Trey Murphy III keeping name in NBA Draft

trey murphy uva louisville
Trey Murphy III with the finish at the rim. Photo courtesy Atlantic Coast Conference.

It shouldn’t be a surprise that 6’9” forward Trey Murphy III is finally confirming that he will keep his name in the 2021 NBA Draft, meaning, he’s not returning to Virginia.

“I loved my time at UVA and everyone there, but it’s time for me to move on,” Murphy said to ESPN’s Jonathan Givony. “I feel like I am ready to take on this challenge. I wanted to show that I am fully committed to this opportunity, and how serious I am about this process. I’ve been looking forward to it my entire life. I’ve never been more ready to embark on this journey; I feel ready and confident.”
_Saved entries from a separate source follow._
definition forest :: "('r \<Rightarrow> nat) \<Rightarrow> ('r, 'v) struct \<Rightarrow> bool" where
  "forest ar A \<longleftrightarrow> is_struct ar A \<and> no_parallel A \<and> \<not> has_inc_cycle A"

definition rooted_forest :: "('r \<Rightarrow> nat) \<Rightarrow> ('r, 'v) struct \<Rightarrow> 'v \<Rightarrow> bool" where
  "rooted_forest ar A a \<longleftrightarrow> forest ar A \<and> a \<in> univ A"

text \<open>C is (a copy of) [(A,a) + (B,b)]: the disjoint union of A and B with a and b
identified (root forgotten).\<close>
definition is_sum :: "('r, 'v) struct \<Rightarrow> 'v \<Rightarrow> ('r, 'v) struct \<Rightarrow> 'v \<Rightarrow> ('r, 'v) struct \<Rightarrow> bool" where
  "is_sum A a B b C \<longleftrightarrow> (\<exists>f g. inj_on f (univ A) \<and> inj_on g (univ B) \<and>
     f a = g b \<and> univ C = f ` univ A \<union> g ` univ B \<and>
     f ` univ A \<inter> g ` univ B = {f a} \<and>
     (\<forall>R. rels C R = map f ` rels A R \<union> map g ` rels B R))"

text \<open>Isomorphism classes are represented by concrete structures over the infinite
vertex type nat (every finite structure has a copy there).\<close>
definition residual :: "('r \<Rightarrow> nat) \<Rightarrow> ('r, nat) struct set \<Rightarrow> ('r, nat) struct \<Rightarrow> nat
     \<Rightarrow> (('r, nat) struct \<times> nat) set" where
  "residual ar Fam A a = {(B, b). rooted_forest ar B b \<and> (\<exists>C. is_sum A a B b C \<and> C \<in> Fam)}"

definition regular :: "('r \<Rightarrow> nat) \<Rightarrow> ('r, nat) struct set \<Rightarrow> bool" where
  "regular ar Fam \<longleftrightarrow> finite {residual ar Fam A a | A a. rooted_forest ar A a}"

end

theory Submission
  imports Defs
begin

text \<open>Whether [(A,a) + (B,b)] maps to D depends on (B,b) only through the set of
vertices of D that the root b can be sent to: the sum maps to D iff some vertex of D
is the image of a under a homomorphism A \<rightarrow> D and of b under a homomorphism
B \<rightarrow> D. This uses that the gluing is along a single vertex, and that the sum of
two forests is again a forest (a cycle in the sum cannot pass through the glued vertex
twice, so it stays on one side). Hence the residual of the family at (A,a) is
determined by a subset of the finite set V(D), and there are finitely many residuals.\<close>

definition is_hom :: "('v \<Rightarrow> 'w) \<Rightarrow> ('r, 'v) struct \<Rightarrow> ('r, 'w) struct \<Rightarrow> bool" where
  "is_hom h A D \<longleftrightarrow> h ` univ A \<subseteq> univ D \<and> (\<forall>R. \<forall>t \<in> rels A R. map h t \<in> rels D R)"

lemma hom_exists_iff_is_hom: "hom_exists A D \<longleftrightarrow> (\<exists>h. is_hom h A D)"
  unfolding hom_exists_def is_hom_def ..

definition root_images :: "('r, 'v) struct \<Rightarrow> 'v \<Rightarrow> ('r, 'w) struct \<Rightarrow> 'w set" where
  "root_images A a D = {h a | h. is_hom h A D}"

lemma root_images_subset:
  assumes "a \<in> univ A"
  shows "root_images A a D \<subseteq> univ D"
  using assms unfolding root_images_def is_hom_def by blast

lemma is_struct_tuple_subset:
  assumes "is_struct ar A" "t \<in> rels A R"
  shows "set t \<subseteq> univ A"
  using assms unfolding is_struct_def by blast

lemma is_sumE:
  assumes "is_sum A a B b C"
  obtains f g where "inj_on f (univ A)" "inj_on g (univ B)" "f a = g b"
    "univ C = f ` univ A \<union> g ` univ B" "f ` univ A \<inter> g ` univ B = {f a}"
    "\<And>R. rels C R = map f ` rels A R \<union> map g ` rels B R"
  using assms unfolding is_sum_def by blast

lemma is_sum_exists:
  fixes A B :: "('r, nat) struct"
  assumes "finite (univ A)" "a \<in> univ A" "b \<in> univ B"
  shows "\<exists>C. is_sum A a B b C"
proof -
  define N where "N = Suc (Max (univ A))"
  have below_N: "x < N" if "x \<in> univ A" for x
    using assms(1) that unfolding N_def by (simp add: le_imp_less_Suc)
  define g where "g x = (if x = b then a else x + N)" for x
  have "inj_on g (univ B)"
    unfolding inj_on_def g_def using below_N[OF assms(2)] by auto
  moreover have "id ` univ A \<inter> g ` univ B = {id a}"
  proof -
    have "g x \<notin> univ A" if "x \<in> univ B" "x \<noteq> b" for x
      using that below_N[of "x + N"] by (auto simp: g_def)
    moreover have "g b = a" by (simp add: g_def)
    ultimately show ?thesis using assms(2,3) by auto
  qed
  moreover have "g b = id a" by (simp add: g_def)
  ultimately have "is_sum A a B b
      (Struct (id ` univ A \<union> g ` univ B) (\<lambda>R. map id ` rels A R \<union> map g ` rels B R))"
    unfolding is_sum_def by (intro exI[of _ id] exI[of _ g]) simp
  then show ?thesis by blast
qed

lemma hom_exists_sum_iff:
  fixes D :: "('r, 'd) struct"
  assumes sum: "is_sum A a B b C" and "is_struct ar A" "is_struct ar B"
    and "a \<in> univ A" "b \<in> univ B"
  shows "hom_exists C D \<longleftrightarrow> root_images A a D \<inter> root_images B b D \<noteq> {}"
proof -
  obtain f g where inj_f: "inj_on f (univ A)" and inj_g: "inj_on g (univ B)"
    and glue: "f a = g b" and univ_C: "univ C = f ` univ A \<union> g ` univ B"
    and overlap: "f ` univ A \<inter> g ` univ B = {f a}"
    and rels_C: "\<And>R. rels C R = map f ` rels A R \<union> map g ` rels B R"
    using sum by (rule is_sumE) (rule that)
  show ?thesis
  proof
    assume "hom_exists C D"
    then obtain p where p: "is_hom p C D"
      by (auto simp: hom_exists_iff_is_hom)
    have "is_hom (p \<circ> f) A D" "is_hom (p \<circ> g) B D"
      using p unfolding is_hom_def univ_C rels_C by (auto simp flip: map_map)
    then have "(p \<circ> f) a \<in> root_images A a D" "(p \<circ> g) b \<in> root_images B b D"
      unfolding root_images_def by blast+
    then show "root_images A a D \<inter> root_images B b D \<noteq> {}"
      using glue by (metis comp_apply disjoint_iff)
  next
    assume "root_images A a D \<inter> root_images B b D \<noteq> {}"
    then obtain hA hB where hA: "is_hom hA A D" and hB: "is_hom hB B D"
      and same_root: "hA a = hB b"
      unfolding root_images_def by blast
    define p where "p y = (if y \<in> f ` univ A then hA (inv_into (univ A) f y)
      else hB (inv_into (univ B) g y))" for y
    have p_f: "p (f x) = hA x" if "x \<in> univ A" for x
      using that inj_f by (simp add: p_def)
    have p_g: "p (g x) = hB x" if x: "x \<in> univ B" for x
    proof (cases "g x \<in> f ` univ A")
      case True
      then have "g x = f a" using overlap x by blast
      then have "g x = g b" using glue by simp
      then have "x = b" using inj_g x \<open>b \<in> univ B\<close> by (simp add: inj_on_eq_iff)
      then show ?thesis using p_f[OF \<open>a \<in> univ A\<close>] glue same_root by simp
    qed (use x inj_g in \<open>simp add: p_def\<close>)
    have map_p_f: "map p (map f t) = map hA t" if "t \<in> rels A R" for t R
      using is_struct_tuple_subset[OF \<open>is_struct ar A\<close> that] p_f by (auto simp: subset_iff)
    have map_p_g: "map p (map g t) = map hB t" if "t \<in> rels B R" for t R
      using is_struct_tuple_subset[OF \<open>is_struct ar B\<close> that] p_g by (auto simp: subset_iff)
    have "is_hom p C D"
      using hA hB p_f p_g map_p_f map_p_g unfolding is_hom_def univ_C rels_C
      by (auto simp del: map_map)
    then show "hom_exists C D" by (auto simp: hom_exists_iff_is_hom)
  qed
qed

lemma mod_cycle_exit:
  assumes "i0 < k" "P i0" "j0 < k" "\<not> P j0"
  shows "\<exists>i<k. P i \<and> \<not> P (Suc i mod k)"
proof (rule ccontr)
  assume "\<not> ?thesis"
  then have step: "\<And>i. i < k \<Longrightarrow> P i \<Longrightarrow> P (Suc i mod k)" by blast
  have "P ((i0 + n) mod k)" for n
  proof (induction n)
    case 0
    then show ?case using assms by simp
  next
    case (Suc n)
    have "P (Suc ((i0 + n) mod k) mod k)"
      using step[OF _ Suc] assms(1) by simp
    then show ?case by (simp add: mod_Suc_eq)
  qed
  from this[of "j0 + k - i0"] have "P ((j0 + k) mod k)"
    using assms(1) by (simp add: add.commute)
  then show False using assms(3,4) by simp
qed

lemma Suc_mod_eq_imp_eq:
  assumes "i < k" "j < k" "Suc i mod k = Suc j mod k"
  shows "i = j"
proof -
  have "Suc i mod k = (if Suc i = k then 0 else Suc i)"
    "Suc j mod k = (if Suc j = k then 0 else Suc j)"
    using assms by auto
  then show ?thesis using assms(3) by (auto split: if_splits)
qed
lemma sum_weighted_comp_fibres:
  fixes w w' g :: "'a \<Rightarrow> real"
  assumes "finite P" "\<forall>v\<in>P. \<sigma> v \<in> P" "\<forall>u\<in>P. w' u = (\<Sum>v\<in>{v\<in>P. \<sigma> v = u}. w v)"
  shows "(\<Sum>v\<in>P. w v * g (\<sigma> v)) = (\<Sum>u\<in>P. w' u * g u)"
proof -
  have "(\<Sum>v\<in>P. w v * g (\<sigma> v)) = (\<Sum>u\<in>P. \<Sum>v\<in>{v\<in>P. \<sigma> v = u}. w v * g (\<sigma> v))"
    using assms(1,2) by (intro sum.group[symmetric]) auto
  also have "\<dots> = (\<Sum>u\<in>P. w' u * g u)"
    using assms(3) by (intro sum.cong refl) (simp add: sum_distrib_right)
  finally show ?thesis .
qed
lemma finite_order_H: "x \<in> H \<Longrightarrow> \<exists>k>0. matpow x k = mat 1"
  by (rule finite_order_if_closed[OF finite_H H_invertible]) (auto simp: H_mult H_one)

definition derived_length :: nat where
  "derived_length = (LEAST n. (derived (matrix_monoid H) ^^ n) H = {mat 1})"

text \<open>The last nontrivial term D of the derived series of H. It is abelian, and it is
  characteristic in H, hence stable under every matrix normalizing H.\<close>
definition last_derived :: "'n rmat set" where
  "last_derived = (derived (matrix_monoid H) ^^ (derived_length - 1)) H"

lemma derived_length: "(derived (matrix_monoid H) ^^ derived_length) H = {mat 1}"
proof -
  have "\<exists>n. (derived (matrix_monoid H) ^^ n) H = {mat 1}"
    using group.solvable_iff_trivial_derived_seq[OF group_matrix_monoid[OF matrix_group_H]]
      solvable_H by (simp add: matrix_monoid_def)
  then show ?thesis
    unfolding derived_length_def by (rule LeastI_ex)
qed

lemma derived_length_pos: "derived_length > 0"
proof -
  obtain g where "g \<in> carrier G" "\<rho> g \<noteq> mat 1"
    using nontrivial unfolding nontrivial_rep_def by blast
  then have "H \<noteq> {mat 1}"
    by blast
  then show ?thesis
    using derived_length by (cases derived_length) auto
qed
lemma diag_ratio_bounded:
  assumes "0 < p" "0 < joint_entry_max \<Sigma> p i i"
  obtains C where "\<And>m n. m \<le> n + B \<Longrightarrow> n \<le> m + B \<Longrightarrow> 0 < joint_entry_max \<Sigma> n i i \<Longrightarrow>
    joint_entry_max \<Sigma> m i i / joint_entry_max \<Sigma> n i i \<le> C"
proof -
  obtain R where return: "\<And>k s a t. 0 < joint_entry_max \<Sigma> s k i \<Longrightarrow> 0 < joint_entry_max \<Sigma> a i k \<Longrightarrow>
    0 < joint_entry_max \<Sigma> (a + t) i i \<Longrightarrow> R \<le> t \<Longrightarrow> 0 < joint_entry_max \<Sigma> t k i"
    using eventually_returns[OF assms] by blast
  define S where "S = R + B"
  obtain c U where "0 < c" "0 \<le> U"
    and U: "\<And>t k l. t \<le> S + B \<Longrightarrow> joint_entry_max \<Sigma> t k l \<le> U"
    and c: "\<And>t k l. t \<le> S + B \<Longrightarrow> 0 < joint_entry_max \<Sigma> t k l \<Longrightarrow> c \<le> joint_entry_max \<Sigma> t k l"
    using joint_entry_max_bounds_upto[of "S + B"] by blast
  show thesis
  proof (rule that)
    fix m n
    assume mn: "m \<le> n + B" "n \<le> m + B" and n: "0 < joint_entry_max \<Sigma> n i i"
    show "joint_entry_max \<Sigma> m i i / joint_entry_max \<Sigma> n i i \<le> CARD('n) * U / c"
    proof (cases "m < S")
      case True
      then have "joint_entry_max \<Sigma> m i i \<le> U" "c \<le> joint_entry_max \<Sigma> n i i"
        using U c n mn by simp_all
      then have "joint_entry_max \<Sigma> m i i / joint_entry_max \<Sigma> n i i \<le> U / c"
        using \<open>0 \<le> U\<close> \<open>0 < c\<close> by (intro frac_le)
      also have "\<dots> \<le> CARD('n) * U / c"
        using \<open>0 \<le> U\<close> \<open>0 < c\<close> by (simp add: divide_right_mono mult_le_cancel_right1)
      finally show ?thesis .
    next
      case False
      show ?thesis
      proof (cases "joint_entry_max \<Sigma> m i i = 0")
        case True
        then show ?thesis
          using \<open>0 \<le> U\<close> \<open>0 < c\<close> by simp
      next
        case False
        with \<open>\<not> m < S\<close> have "0 < joint_entry_max \<Sigma> (m - S + S) i i"
          using joint_entry_max_nonneg[of m i i] by simp
        then obtain k where x: "0 < joint_entry_max \<Sigma> (m - S) i k" and y: "0 < joint_entry_max \<Sigma> S k i"
          and split: "joint_entry_max \<Sigma> (m - S + S) i i
            \<le> CARD('n) * (joint_entry_max \<Sigma> (m - S) i k * joint_entry_max \<Sigma> S k i)"
          by (rule joint_entry_max_add_le_pos)
        define t where "t = n + S - m"
        have t: "m - S + t = n" "R \<le> t" "t \<le> S + B"
          using \<open>\<not> m < S\<close> mn by (simp_all add: t_def S_def)
        have "joint_entry_max \<Sigma> (m - S) i k * c \<le> joint_entry_max \<Sigma> (m - S) i k * joint_entry_max \<Sigma> t k i"
          using c[OF t(3)] return[OF y x] n t(1,2) x by simp
        also have "\<dots> \<le> joint_entry_max \<Sigma> n i i"
          using joint_entry_max_add_ge[of "m - S" i k t i] t(1) by simp
        finally have lower: "joint_entry_max \<Sigma> (m - S) i k * c \<le> joint_entry_max \<Sigma> n i i" .
        have upper: "joint_entry_max \<Sigma> m i i \<le> CARD('n) * (joint_entry_max \<Sigma> (m - S) i k * U)"
          using split \<open>\<not> m < S\<close> U[of S k i] x by (simp add: order_trans)
        have "joint_entry_max \<Sigma> m i i / joint_entry_max \<Sigma> n i i
            \<le> CARD('n) * (joint_entry_max \<Sigma> (m - S) i k * U) / (joint_entry_max \<Sigma> (m - S) i k * c)"
          using lower upper x \<open>0 \<le> U\<close> \<open>0 < c\<close> by (intro frac_le) simp_all
        also have "\<dots> = CARD('n) * U / c"
          using x by simp
        finally show ?thesis .
      qed
    qed
  qed
qed

end

theorem proposition1:
  fixes \<Sigma> :: "(real^'n^'n) set" and i :: 'n
  assumes "finite \<Sigma>" and "\<Sigma> \<noteq> {}"
    and "\<forall>A\<in>\<Sigma>. \<forall>k l. A $ k $ l \<ge> 0"
  shows "\<forall>B::real. B \<ge> 0 \<longrightarrow> (\<exists>C::real. \<forall>m n::nat.
           m > 0 \<and> n > 0 \<and> \<bar>real m - real n\<bar> \<le> B \<and> joint_entry_max \<Sigma> n i i > 0
           \<longrightarrow> joint_entry_max \<Sigma> m i i / joint_entry_max \<Sigma> n i i \<le> C)"
proof (intro allI impI)
  fix B :: real
  interpret nonneg_matrix_set \<Sigma>
    using assms by unfold_locales auto
  show "\<exists>C. \<forall>m n. 0 < m \<and> 0 < n \<and> \<bar>real m - real n\<bar> \<le> B \<and> 0 < joint_entry_max \<Sigma> n i i
      \<longrightarrow> joint_entry_max \<Sigma> m i i / joint_entry_max \<Sigma> n i i \<le> C"
  proof (cases "\<exists>p>0. 0 < joint_entry_max \<Sigma> p i i")
    case True
    then obtain p where "0 < p" "0 < joint_entry_max \<Sigma> p i i"
      by blast
    then obtain C where C: "\<And>m n. m \<le> n + nat \<lceil>B\<rceil> \<Longrightarrow> n \<le> m + nat \<lceil>B\<rceil> \<Longrightarrow>
        0 < joint_entry_max \<Sigma> n i i \<Longrightarrow> joint_entry_max \<Sigma> m i i / joint_entry_max \<Sigma> n i i \<le> C"
      using diag_ratio_bounded[where B = "nat \<lceil>B\<rceil>"] by blast
    have "B \<le> real (nat \<lceil>B\<rceil>)"
      by linarith
    then show ?thesis
      by (intro exI[of _ C] allI impI C) linarith+
  next
    case False
    then show ?thesis
      by (intro exI[of _ 0]) blast
  qed
qed

end
lemma linear_growth_bound:
  fixes N N' :: "real \<Rightarrow> real"
  assumes dN: "\<And>s. (N has_real_derivative N' s) (at s)"
    and rate: "\<And>s. N' s \<le> c * N s + \<beta>"
    and "0 \<le> t"
  shows "N t \<le> exp (c * t) * N 0 + \<beta> * (t * phi (c * t))"
proof -
  define q where "q s = exp (- c * s) * (N s - \<beta> * (s * phi (c * s)))" for s
  have "q t \<le> q 0"
  proof (rule DERIV_nonpos_imp_nonincreasing[OF \<open>0 \<le> t\<close>])
    fix s
    have "(q has_real_derivative
            exp (- c * s) * (N' s - \<beta> * exp (c * s))
            + exp (- c * s) * (- c) * (N s - \<beta> * (s * phi (c * s)))) (at s)"
      unfolding q_def
    proof (rule DERIV_mult')
      show "((\<lambda>s. exp (- c * s)) has_real_derivative exp (- c * s) * (- c)) (at s)"
        by (auto intro!: derivative_eq_intros)
    qed (intro DERIV_diff DERIV_cmult dN has_real_derivative_t_phi)
    then have "(q has_real_derivative exp (- c * s) * (N' s - c * N s - \<beta>)) (at s)"
    proof (rule DERIV_cong)
      have "exp (c * s) = 1 + c * (s * phi (c * s))" by (simp add: mult_t_phi)
      then show "exp (- c * s) * (N' s - \<beta> * exp (c * s))
            + exp (- c * s) * (- c) * (N s - \<beta> * (s * phi (c * s)))
          = exp (- c * s) * (N' s - c * N s - \<beta>)"
        by (simp add: algebra_simps)
    qed
    moreover have "exp (- c * s) * (N' s - c * N s - \<beta>) \<le> 0"
      using rate[of s] by (simp add: mult_nonneg_nonpos)
    ultimately show "\<exists>y. (q has_real_derivative y) (at s) \<and> y \<le> 0" by blast
  qed
  then have "exp (c * t) * q t \<le> exp (c * t) * N 0"
    by (simp add: q_def)
  moreover have "exp (c * t) * q t = N t - \<beta> * (t * phi (c * t))"
    by (simp add: q_def mult.assoc[symmetric] exp_add[symmetric])
  ultimately show ?thesis by simp
qed
lemma problem1_energy_identity:
  assumes P: "problem1 H W \<alpha> \<epsilon> u m" and HC: "C2_fun H"
  shows "(energy_density H W \<alpha> \<epsilon> u m has_integral 0) {0..1}"
proof -
  define u1 where "u1 = deriv u"
  define u2 where "u2 = deriv u1"
  define m1 where "m1 = deriv m"
  define m2 where "m2 = deriv m1"
  define g where "g = (\<lambda>y. deriv H (u1 y) * m y)"
  have Cu: "C2_fun u" and Cm: "C2_fun m" and pu: "periodic1 u" and pm: "periodic1 m"
    using P unfolding problem1_def C2_torus_def by auto
  have du: "(u has_real_derivative u1 x) (at x)" "(u1 has_real_derivative u2 x) (at x)"
    and dm: "(m has_real_derivative m1 x) (at x)" "(m1 has_real_derivative m2 x) (at x)" for x
    using C2_fun_has_derivative[OF Cu] C2_fun_has_derivative[OF Cm]
    unfolding u1_def u2_def m1_def m2_def by auto
  have dg: "(g has_real_derivative deriv g x) (at x)" for x
  proof -
    have "((\<lambda>y. deriv H (u1 y)) has_real_derivative deriv (deriv H) (u1 x) * u2 x) (at x)"
      by (rule DERIV_chain2[OF C2_fun_has_derivative(2)[OF HC] du(2)])
    from DERIV_mult[OF this dm(1)] show ?thesis
      unfolding g_def by (auto simp: DERIV_deriv_iff_real_differentiable real_differentiable_def)
  qed
  have "u x - u2 x + H (u1 x) + W x = m x powr \<alpha> + \<epsilon> * (m x - m2 x)"
    and "m x - m2 x - deriv g x = 1 - \<epsilon> * (u x - u2 x)" for x
    using P unfolding problem1_def u1_def u2_def m1_def m2_def g_def by auto
  then have mpow: "m x powr \<alpha> = u x - u2 x + H (u1 x) + W x - \<epsilon> * (m x - m2 x)"
    and dg_eq: "deriv g x = m x - m2 x - 1 + \<epsilon> * (u x - u2 x)" for x
    by (smt (verit))+
  define F where "F = (\<lambda>y. m1 y * u y - u1 y * m y + u1 y + g y * u y
                            + \<epsilon> * (m1 y * m y) - \<epsilon> * m1 y + \<epsilon> * (u1 y * u y))"
  show ?thesis
  proof (rule has_integral_periodic1_derivative)
    have "periodic1 u1" "periodic1 m1"
      unfolding u1_def m1_def using Cu Cm pu pm
      by (auto intro!: periodic1_deriv simp: C2_fun_def)
    then show "periodic1 F"
      using pu pm unfolding periodic1_def F_def g_def by simp
  next
    fix x
    have "(F has_real_derivative m2 x * u x + m1 x * u1 x - (u2 x * m x + u1 x * m1 x) + u2 x
           + (deriv g x * u x + g x * u1 x) + \<epsilon> * (m2 x * m x + m1 x * m1 x) - \<epsilon> * m2 x
           + \<epsilon> * (u2 x * u x + u1 x * u1 x)) (at x)"
      unfolding F_def by (auto intro!: derivative_eq_intros du dm dg simp: algebra_simps)
    then show "(F has_real_derivative energy_density H W \<alpha> \<epsilon> u m x) (at x)"
      unfolding energy_density_def u1_def[symmetric] m1_def[symmetric]
      by (simp only: mpow dg_eq) (simp add: g_def algebra_simps power2_eq_square)
  qed
qed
Murphy spent one season at UVA after transferring from Rice. He had been expected to sit out a year to bulk up and get acclimated to the system, but he applied for immediate eligibility, and on the eve of Virginia’s opener against Towson, was given the go-ahead.

Murphy went on to average 11.3 points per game, shooting 50.3 percent from the field and 43.3 percent from three-point range.

There was an unsettling tendency for him to disappear – his three points on 1-of-4 shooting in the 64-62 win over Georgia Tech in January, for instance, and the forgettable four points on 2-of-2 shooting in 36 minutes in the 66-65 loss at Duke in February.

Murphy finished up strong, averaging 14.0 points over his last four, albeit on 43.9 percent shooting, and 34.5 percent from three.

He never did seem to get what he was supposed to do in the Pack Line defense, but that was as much an issue of being rushed into action without the usual run-up of practices, scrimmages and early-season tune-ups as anything else.

“We had a great season, I enjoyed it a lot,” Murphy told Givony. “One of the most fun years of basketball I’ve been a part of. I grew a lot as a player, which I owe to Coach [Tony] Bennett. I wasn’t a great defender when I arrived, and I improved there. I’m a good defender now, and UVA helped me expand my game and become a more attractive prospect.”

Murphy is being projected as a late first- or early second-round pick in next month’s NBA Draft.

Bennett seemed to foresee that Murphy wouldn’t be back. His top priority in the transfer portal was scoring punch, which Virginia stands to get from former ECU power forward Jayden Gardner (18.3 ppg, 8.3 rebounds per game in 2020-2021) and former Indiana shooting guard Armaan Franklin (11.4 points per game, 42.9 percent from the field, 42.4 percent from three-point range in 2020-2021).